The principal components incorporate and convey complex, high-dimensional information from various aspects of the dynamics perfusion time-series, such as baseline signal, depth of signal decrease, slope, and angle of signal recovery. The first principal components were plotted in Fig. 3 (right panel), which displays ET of shunted patients (green) and non-shunted patients (blue), as well as the ROI of tumor venous drainage with shunting (red). The left panel of Fig. 3 shows the mean perfusion curve with two standard deviations bars for the same groups. PCA was subsequently used to capture the information of the perfusion time series in all subjects.
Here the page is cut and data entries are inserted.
definition sesqform :: "nat \<Rightarrow> (nat \<Rightarrow> complex) \<Rightarrow> (nat \<Rightarrow> complex) \<Rightarrow> mat \<Rightarrow> complex" where
  "sesqform K x y A = (\<Sum>m<K. \<Sum>n<K. cnj (x m) * A m n * y n)"

lemma qform_add_vector:
  "qform K (\<lambda>n. x n + of_real t * y n) A =
     qform K x A + of_real t * (sesqform K x y A + sesqform K y x A) + of_real (t\<^sup>2) * qform K y A"
  unfolding qform_def sesqform_def
  by (simp add: algebra_simps sum.distrib sum_distrib_left power2_eq_square)

lemma linear_coeff_le_of_quadratic_nonneg:
  fixes a b c :: real
  assumes h: "\<And>t. 0 \<le> a + b * t + c * t\<^sup>2" and a: "0 \<le> a" and c: "0 \<le> c"
  shows "b \<le> 2 * sqrt a * sqrt c"
proof -
  have "b\<^sup>2 \<le> 4 * a * c"
  proof (cases "c = 0")
    case True
    have "b = 0"
    proof (rule ccontr)
      assume "b \<noteq> 0"
      then have "a + b * (- (a + 1) / b) = -1" by (simp add: field_simps)
      then show False using h[of "- (a + 1) / b"] True by simp
    qed
    then show ?thesis using True by simp
  next
    case False
    then have "c > 0" using c by simp
    have "0 \<le> a + b * (- b / (2*c)) + c * (- b / (2*c))\<^sup>2" by (rule h)
    also have "\<dots> = a - b\<^sup>2 / (4 * c)" using \<open>c > 0\<close> by (simp add: field_simps power2_eq_square)
    finally show ?thesis using \<open>c > 0\<close> by (simp add: field_simps)
  qed
  then have "sqrt (b\<^sup>2) \<le> sqrt (4 * a * c)" by (rule real_sqrt_le_mono)
  then show ?thesis by (simp add: real_sqrt_mult)
qed

lemma qform_triangle:
  assumes pos: "\<And>\<phi>. 0 \<le> Re (qform K \<phi> A)"
  shows "Re (qform K (\<lambda>n. x n + y n) A) \<le> (sqrt (Re (qform K x A)) + sqrt (Re (qform K y A)))\<^sup>2"
proof -
  let ?a = "Re (qform K x A)" and ?c = "Re (qform K y A)"
  let ?b = "Re (sesqform K x y A + sesqform K y x A)"
  have "0 \<le> ?a + ?b * t + ?c * t\<^sup>2" for t
    using pos[of "\<lambda>n. x n + of_real t * y n"] unfolding qform_add_vector
    by (simp add: mult.commute)
  then have b: "?b \<le> 2 * sqrt ?a * sqrt ?c"
    by (rule linear_coeff_le_of_quadratic_nonneg[OF _ pos pos])
  have "Re (qform K (\<lambda>n. x n + y n) A) = ?a + ?b + ?c"
    using qform_add_vector[of K x 1 y A] by simp
  also have "\<dots> \<le> (sqrt ?a + sqrt ?c)\<^sup>2"
    using b pos[of x] pos[of y] by (simp add: power2_eq_square algebra_simps)
  finally show ?thesis .
qed

section \<open>Observables\<close>

lemma countably_additive_empty:
  fixes f :: "'a set \<Rightarrow> real"
  assumes ca: "countably_additive M (\<lambda>X. ennreal (f X))" and "{} \<in> M" and "0 \<le> f {}"
  shows "f {} = 0"
proof -
  have "(\<Sum>i::nat. ennreal (f {})) = ennreal (f {})"
    using ca \<open>{} \<in> M\<close> unfolding countably_additive_def by (auto simp: disjoint_family_on_def)
  then have "summable (\<lambda>_::nat. f {})"
    using \<open>0 \<le> f {}\<close> by (intro summable_suminf_not_top) auto
  then show ?thesis
    using summable_LIMSEQ_zero LIMSEQ_const_iff by blast
qed

lemma countably_additive_add:
  fixes f g :: "'a set \<Rightarrow> ennreal"
  assumes "countably_additive M f" "countably_additive M g"
  shows "countably_additive M (\<lambda>X. f X + g X)"
proof (rule countably_additiveI)
  fix A :: "nat \<Rightarrow> 'a set"
  assume A: "range A \<subseteq> M" "disjoint_family A" "\<Union> (range A) \<in> M"
  have "(\<Sum>i. f (A i) + g (A i)) = (\<Sum>i. f (A i)) + (\<Sum>i. g (A i))"
    by (rule suminf_add[symmetric]) (rule summableI)+
  then show "(\<Sum>i. f (A i) + g (A i)) = f (\<Union> (range A)) + g (\<Union> (range A))"
    using assms A unfolding countably_additive_def by simp
qed

lemma countably_additive_cmult:
  fixes f :: "'a set \<Rightarrow> ennreal"
  assumes "countably_additive M f"
  shows "countably_additive M (\<lambda>X. c * f X)"
  using assms unfolding countably_additive_def by simp

lemma countably_additive_sum:
  fixes f :: "'i \<Rightarrow> 'a set \<Rightarrow> ennreal"
  assumes "finite I" "\<And>i. i \<in> I \<Longrightarrow> countably_additive M (f i)"
  shows "countably_additive M (\<lambda>X. \<Sum>i\<in>I. f i X)"
  using assms
proof (induction I rule: finite_induct)
  case empty
  then show ?case unfolding countably_additive_def by simp
next
  case (insert i I)
  then show ?case by (simp add: countably_additive_add)
qed

lemma countably_additive_vimage:
  assumes ca: "countably_additive (sets M) f" and g: "g \<in> measurable M N"
  shows "countably_additive (sets N) (\<lambda>X. f (g -` X \<inter> space M))"
proof (rule countably_additiveI)
  fix A :: "nat \<Rightarrow> _"
  assume A: "range A \<subseteq> sets N" "disjoint_family A" "\<Union> (range A) \<in> sets N"
  let ?B = "\<lambda>i. g -` A i \<inter> space M"
  have "range ?B \<subseteq> sets M" using A(1) measurable_sets[OF g] by blast
  moreover have "disjoint_family ?B" using A(2) unfolding disjoint_family_on_def by auto
  moreover have "\<Union> (range ?B) = g -` \<Union> (range A) \<inter> space M" by auto
  moreover have "g -` \<Union> (range A) \<inter> space M \<in> sets M" using measurable_sets[OF g A(3)] .
  ultimately show "(\<Sum>i. f (?B i)) = f (g -` \<Union> (range A) \<inter> space M)"
    using ca unfolding countably_additive_def by metis
qed

lemma countably_additive_cong:
  assumes "countably_additive M f" "\<And>X. X \<in> M \<Longrightarrow> f X = g X"
  shows "countably_additive M g"
proof (rule countably_additiveI)
  fix A :: "nat \<Rightarrow> _"
  assume A: "range A \<subseteq> M" "disjoint_family A" "\<Union> (range A) \<in> M"
  then have "(\<Sum>i. f (A i)) = f (\<Union> (range A))"
    using assms(1) unfolding countably_additive_def by simp
  then show "(\<Sum>i. g (A i)) = g (\<Union> (range A))"
    using A assms(2) by (simp add: range_subsetD)
qed

lemma observable_qform_real:
  "is_observable M T \<Longrightarrow> X \<in> sets M \<Longrightarrow> qform K \<psi> (T X) = of_real (Re (qform K \<psi> (T X)))"
  unfolding is_observable_def by (auto simp: Reals_def)

lemma observable_qform_nonneg:
  "is_observable M T \<Longrightarrow> X \<in> sets M \<Longrightarrow> 0 \<le> Re (qform K \<psi> (T X))"
  unfolding is_observable_def by auto

text \<open>For a fixed vector an observable is a finite measure; this yields additivity and monotonicity
  of its quadratic forms from measure theory.\<close>

definition qform_measure :: "'a measure \<Rightarrow> ('a set \<Rightarrow> mat) \<Rightarrow> nat \<Rightarrow> (nat \<Rightarrow> complex) \<Rightarrow> 'a measure" where
  "qform_measure M T K \<psi> = measure_of (space M) (sets M) (\<lambda>X. ennreal (Re (qform K \<psi> (T X))))"

lemma sets_qform_measure [simp]: "sets (qform_measure M T K \<psi>) = sets M"
  unfolding qform_measure_def by (simp add: sets.space_closed)

lemma space_qform_measure [simp]: "space (qform_measure M T K \<psi>) = space M"
  unfolding qform_measure_def by (simp add: sets.space_closed)

lemma emeasure_qform_measure:
  assumes obs: "is_observable M T" and X: "X \<in> sets M"
  shows "emeasure (qform_measure M T K \<psi>) X = ennreal (Re (qform K \<psi> (T X)))"
  unfolding qform_measure_def
proof (rule emeasure_measure_of_sigma[OF sets.sigma_algebra_axioms _ _ X])
  have ca: "countably_additive (sets M) (\<lambda>X. ennreal (Re (qform K \<psi> (T X))))"
    using obs unfolding is_observable_def by auto
  then show "countably_additive (sets M) (\<lambda>X. ennreal (Re (qform K \<psi> (T X))))" .
  have "Re (qform K \<psi> (T {})) = 0"
    by (rule countably_additive_empty[OF ca]) (auto intro: observable_qform_nonneg[OF obs])
  then show "positive (sets M) (\<lambda>X. ennreal (Re (qform K \<psi> (T X))))"
    unfolding positive_def by simp
qed

lemma finite_measure_qform_measure:
  "is_observable M T \<Longrightarrow> finite_measure (qform_measure M T K \<psi>)"
  by (rule finite_measureI) (simp add: emeasure_qform_measure)

lemma measure_qform_measure:
  "is_observable M T \<Longrightarrow> X \<in> sets M \<Longrightarrow> measure (qform_measure M T K \<psi>) X = Re (qform K \<psi> (T X))"
  by (simp add: measure_def emeasure_qform_measure observable_qform_nonneg)

lemma observable_qform_mono:
  assumes "is_observable M T" "X \<in> sets M" "Y \<in> sets M" "X \<subseteq> Y"
  shows "Re (qform K \<psi> (T X)) \<le> Re (qform K \<psi> (T Y))"
  using finite_measure.finite_measure_mono[OF finite_measure_qform_measure[OF assms(1), of K \<psi>], of X Y] assms
  by (simp add: measure_qform_measure)

lemma observable_qform_Un:
  assumes "is_observable M T" "X \<in> sets M" "Y \<in> sets M" "X \<inter> Y = {}"
  shows "Re (qform K \<psi> (T (X \<union> Y))) = Re (qform K \<psi> (T X)) + Re (qform K \<psi> (T Y))"
  using finite_measure.finite_measure_Union[OF finite_measure_qform_measure[OF assms(1), of K \<psi>], of X Y] assms
  by (simp add: measure_qform_measure)

lemma observable_qform_UN:
  assumes "is_observable M T" "finite I" "A ` I \<subseteq> sets M" "disjoint_family_on A I"
  shows "Re (qform K \<psi> (T (\<Union>i\<in>I. A i))) = (\<Sum>i\<in>I. Re (qform K \<psi> (T (A i))))"
  using finite_measure.finite_measure_finite_Union[OF finite_measure_qform_measure[OF assms(1), of K \<psi>], of I A] assms
  by (simp add: measure_qform_measure image_subset_iff sets.finite_UN)

definition scalar_obs :: "'a measure \<Rightarrow> 'a set \<Rightarrow> mat" where
  "scalar_obs \<mu> X = (\<lambda>m n. of_real (measure \<mu> X) * idmat m n)"

lemma qform_scalar_obs:
  "qform K \<psi> (scalar_obs \<mu> X) = of_real (measure \<mu> X * (\<Sum>n<K. (cmod (\<psi> n))\<^sup>2))"
  unfolding scalar_obs_def by (simp add: qform_cmult qform_idmat)

lemma Re_qform_mix_scalar_obs:
  "Re (qform K \<psi> (mix l A (scalar_obs \<mu>) X))
     = l * Re (qform K \<psi> (A X)) + (1 - l) * measure \<mu> X * (\<Sum>n<K. (cmod (\<psi> n))\<^sup>2)"
  unfolding mix_def by (simp add: qform_add qform_cmult qform_scalar_obs)

lemma trivial_observable_scalar_obs:
  assumes P: "prob_space \<mu>" and S: "sets \<mu> = sets M"
  shows "trivial_observable M (scalar_obs \<mu>)"
  unfolding trivial_observable_def
proof (intro conjI exI ballI)
  show "prob_space \<mu>" "sets \<mu> = sets M" by fact+
  show "scalar_obs \<mu> X = (\<lambda>m n. of_real (measure \<mu> X) * idmat m n)" for X
    by (simp add: scalar_obs_def)
  show "is_observable M (scalar_obs \<mu>)"
    unfolding is_observable_def
  proof (intro allI conjI ballI)
    fix K :: nat and \<psi> :: "nat \<Rightarrow> complex" and X
    let ?n = "\<Sum>n<K. (cmod (\<psi> n))\<^sup>2"
    show "qform K \<psi> (scalar_obs \<mu> X) \<in> \<real>" "0 \<le> Re (qform K \<psi> (scalar_obs \<mu> X))"
      by (simp_all add: qform_scalar_obs sum_nonneg)
    have "ennreal (Re (qform K \<psi> (scalar_obs \<mu> X))) = ennreal ?n * emeasure \<mu> X" for X
      using finite_measure.emeasure_eq_measure[OF prob_space.finite_measure[OF P]]
      by (simp add: qform_scalar_obs ennreal_mult sum_nonneg mult.commute)
    then show "countably_additive (sets M) (\<lambda>X. ennreal (Re (qform K \<psi> (scalar_obs \<mu> X))))"
      using emeasure_countably_additive[of \<mu>] S by (simp add: countably_additive_cmult)
    have "space \<mu> = space M" using S by (rule sets_eq_imp_space_eq)
    then show "scalar_obs \<mu> (space M) = idmat"
      using prob_space.prob_space[OF P] by (simp add: scalar_obs_def)
  qed
qed

section \<open>The number and phase observables\<close>

lemma space_number_space [simp]: "space number_space = UNIV"
  and sets_number_space [simp]: "sets number_space = UNIV"
  unfolding number_space_def by simp_all

lemma number_observable: "is_observable number_space number_obs"
  unfolding is_observable_def
proof (intro allI conjI ballI)
  fix K :: nat and \<psi> :: "nat \<Rightarrow> complex" and Y
  show "qform K \<psi> (number_obs Y) \<in> \<real>" "0 \<le> Re (qform K \<psi> (number_obs Y))"
    by (simp_all add: qform_number_obs sum_nonneg)
next
  fix K :: nat and \<psi> :: "nat \<Rightarrow> complex"
  show "number_obs (space number_space) = idmat"
    unfolding number_obs_def idmat_def by auto
  have "ennreal (Re (qform K \<psi> (number_obs Y)))
      = (\<Sum>n<K. ennreal ((cmod (\<psi> n))\<^sup>2) * emeasure (return number_space n) Y)" for Y
  proof -
    have "(\<Sum>n\<in>{..<K} \<inter> Y. (cmod (\<psi> n))\<^sup>2) = (\<Sum>n<K. (cmod (\<psi> n))\<^sup>2 * indicator Y n)"
      by (simp add: sum.inter_restrict indicator_def if_distrib cong: if_cong)
    then show ?thesis
      by (simp add: qform_number_obs sum_ennreal[symmetric] ennreal_mult del: sum_ennreal)
  qed
  then show "countably_additive (sets number_space) (\<lambda>Y. ennreal (Re (qform K \<psi> (number_obs Y))))"
    using emeasure_countably_additive[of "return number_space _"]
    by (simp add: countably_additive_sum countably_additive_cmult del: sets_number_space)
qed

lemma set_integral_sum:
  fixes f :: "'i \<Rightarrow> 'a \<Rightarrow> 'b::{banach, second_countable_topology}"
  assumes "finite I" "\<And>i. i \<in> I \<Longrightarrow> set_integrable M A (f i)"
  shows "(LINT x:A|M. (\<Sum>i\<in>I. f i x)) = (\<Sum>i\<in>I. LINT x:A|M. f i x)"
  using assms unfolding set_lebesgue_integral_def set_integrable_def
  by (simp only: scaleR_sum_right Bochner_Integration.integral_sum[where f="\<lambda>i x. indicator A x *\<^sub>R f i x"])

lemma set_integrable_sum:
  fixes f :: "'i \<Rightarrow> 'a \<Rightarrow> 'b::{banach, second_countable_topology}"
  assumes "finite I" "\<And>i. i \<in> I \<Longrightarrow> set_integrable M A (f i)"
  shows "set_integrable M A (\<lambda>x. \<Sum>i\<in>I. f i x)"
  using assms unfolding set_integrable_def
  by (simp only: scaleR_sum_right Bochner_Integration.integrable_sum[where f="\<lambda>i x. indicator A x *\<^sub>R f i x"])

lemma set_nn_integral_eq_set_integral:
  fixes h :: "'a \<Rightarrow> real"
  assumes "set_integrable M X h" "\<And>x. 0 \<le> h x"
  shows "(\<integral>\<^sup>+ x. ennreal (h x) * indicator X x \<partial>M) = ennreal (LINT x:X|M. h x)"
proof -
  have "(\<lambda>x. ennreal (h x) * indicator X x) = (\<lambda>x. ennreal (indicator X x *\<^sub>R h x))"
    by (auto simp: indicator_def)
  then show ?thesis
    using assms unfolding set_integrable_def set_lebesgue_integral_def
    by (simp add: nn_integral_eq_integral)
qed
Because of the relative consistency in the perfusion pattern of the various regions, a feature vector consisting of first three principal components was sufficient to capture more than 98% of the variance in the perfusion signal for all tissue types and all patients (Fig. 3, Right panel, depicts the first three components).
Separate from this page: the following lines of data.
(* Let $(F_n)$ be the Fibonacci numbers ($F_0=0$, $F_1=1$, $F_{n+2}=F_{n+1}+F_n$), $(E_n)$ the sequence with $E_0=0$, $E_1=E_2=1$, $E_{n+3}=E_n+E_{n+2}$, and $(D_n)$ the sequence with $D_0=1$, $D_1=D_2=0$, $D_{n+3}=D_n+D_{n+1}$. Then $$D_n<E_{n-1}\ \text{ for all integers } n\ge 4,\qquad E_n<F_{n-1}\ \text{ for all integers } n\ge 6.$$ *)

theory Defs
  imports "HOL-Number_Theory.Fib"
begin

fun E :: "nat \<Rightarrow> nat" where
  "E 0 = 0"
| "E (Suc 0) = 1"
| "E (Suc (Suc 0)) = 1"
| "E (Suc (Suc (Suc n))) = E n + E (Suc (Suc n))"

fun D :: "nat \<Rightarrow> nat" where
  "D 0 = 1"
| "D (Suc 0) = 0"
| "D (Suc (Suc 0)) = 0"
| "D (Suc (Suc (Suc n))) = D n + D (Suc n)"

end

theory Submission
  imports Defs
begin

text \<open>Both inequalities follow by induction along the recurrences:
  \<open>D (n+3) = D n + D (n+1) < E (n-1) + E n \<le> E (n-1) + E (n+1) = E (n+2)\<close> and
  \<open>E (n+3) = E n + E (n+2) < F (n-1) + F (n+1) \<le> F n + F (n+1) = F (n+2)\<close>,
  using only monotonicity of the larger sequence.\<close>

lemma E_Suc_mono: "E n \<le> E (Suc n)"
  by (induction n rule: E.induct) simp_all

lemma D_less_E_shifted: "D (n + 4) < E (n + 3)"
proof (induction n rule: D.induct)
  case (4 n)
  have "E (n + 4) \<le> E (n + 5)"
    using E_Suc_mono[of "n + 4"] by (simp add: add.commute)
  with "4.IH" show ?case
    by (simp add: numeral_eq_Suc)
qed (simp_all add: numeral_eq_Suc)

lemma E_less_fib_shifted: "E (n + 6) < fib (n + 5)"
proof (induction n rule: E.induct)
  case (4 n)
  have "fib (n + 5) \<le> fib (n + 6)"
    using fib_Suc_mono[of "n + 5"] by (simp add: add.commute)
  with "4.IH" show ?case
    by (simp add: numeral_eq_Suc)
qed (simp_all add: numeral_eq_Suc)

theorem theorem12:
  shows "(\<forall>n::nat. n \<ge> 4 \<longrightarrow> D n < E (n - 1)) \<and>
         (\<forall>n::nat. n \<ge> 6 \<longrightarrow> E n < fib (n - 1))"
proof (intro conjI allI impI)
  fix n :: nat
  assume "n \<ge> 4"
  then show "D n < E (n - 1)"
    using D_less_E_shifted[of "n - 4"] by (simp add: Suc_diff_le)
next
  fix n :: nat
  assume "n \<ge> 6"
  then show "E n < fib (n - 1)"
    using E_less_fib_shifted[of "n - 6"] by (simp add: Suc_diff_le)
qed

end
Histopathological analysis

All surgical specimens were reviewed by a neuropathologist (M.P.N) who was blinded to the shunting data. The tissue was stained with hematoxylin and eosin, as well as with the following antibodies: K-67 (Dako IR62661, clone MIB-1, prediluted), ERG (BIOCARE, PM421AA, prediluted), CAIX (Leica, CAIX-L-CE, 1:100). Unstained slides were pretreated with heat retrieval, epitope retrieval 1, in citrate buffer pH 6.0 (Leica microsystems) for 20 min. Immunohistochemical staining was performed on the Bond 111 Autostainer with the DAB chromogen and a hematoxylin counterstain. The overall tumor Ki-67 proliferation index was semi-quantitatively estimated based on inspection of a stained section from one tumor block. ERG staining for endothelial cells was performed in order to assess vascular density in dense tumor (Fig. 5). Small, medium, and large caliber vessels in the tumor were each scored on a range of 0–6, with 0 referring to rare vessels present, and 6 referring to dense vascularity. Staining for CA IX was performed to evaluate hypoxia. CAIX catalyzes the reversible hydration of carbon dioxide and is considered to be a reliable cellular biomarker of tumor hypoxia28. Expression of CAIX was determined by semi-quantitatively assessing the percentage of stained tumor cells and their staining intensity with an H-score ranging from 0–300. The percentages of weak (1+), moderate (2+), and strong (3+) staining were assessed, and the H-score was calculated as: (weak %)*1 + (moderate %)*2 + (strong %)*3.

Figure 5
figure 5

Immunohistological assessment of tumor and hypoxia was performed on hematoxylin and eosin stained sections of tumor (A), CAIX immunostaining for hypoxia (B), and ERG immunostaining highlighting vessels (C). Scale bar: 100 microns, upper left.

Statistical analysis

Voxel-based statistical analyses were performed through the Mann–Whitney U test to investigate the difference of TD slopes and angles in shunted and non-shunted patients. We also calculated Pearson pairwise linear correlation coefficients between each pair of imaging features and pathology characteristics. Matlab 2018 (The MathWorks, Natick, MA, USA) was used to perform statistical analysis.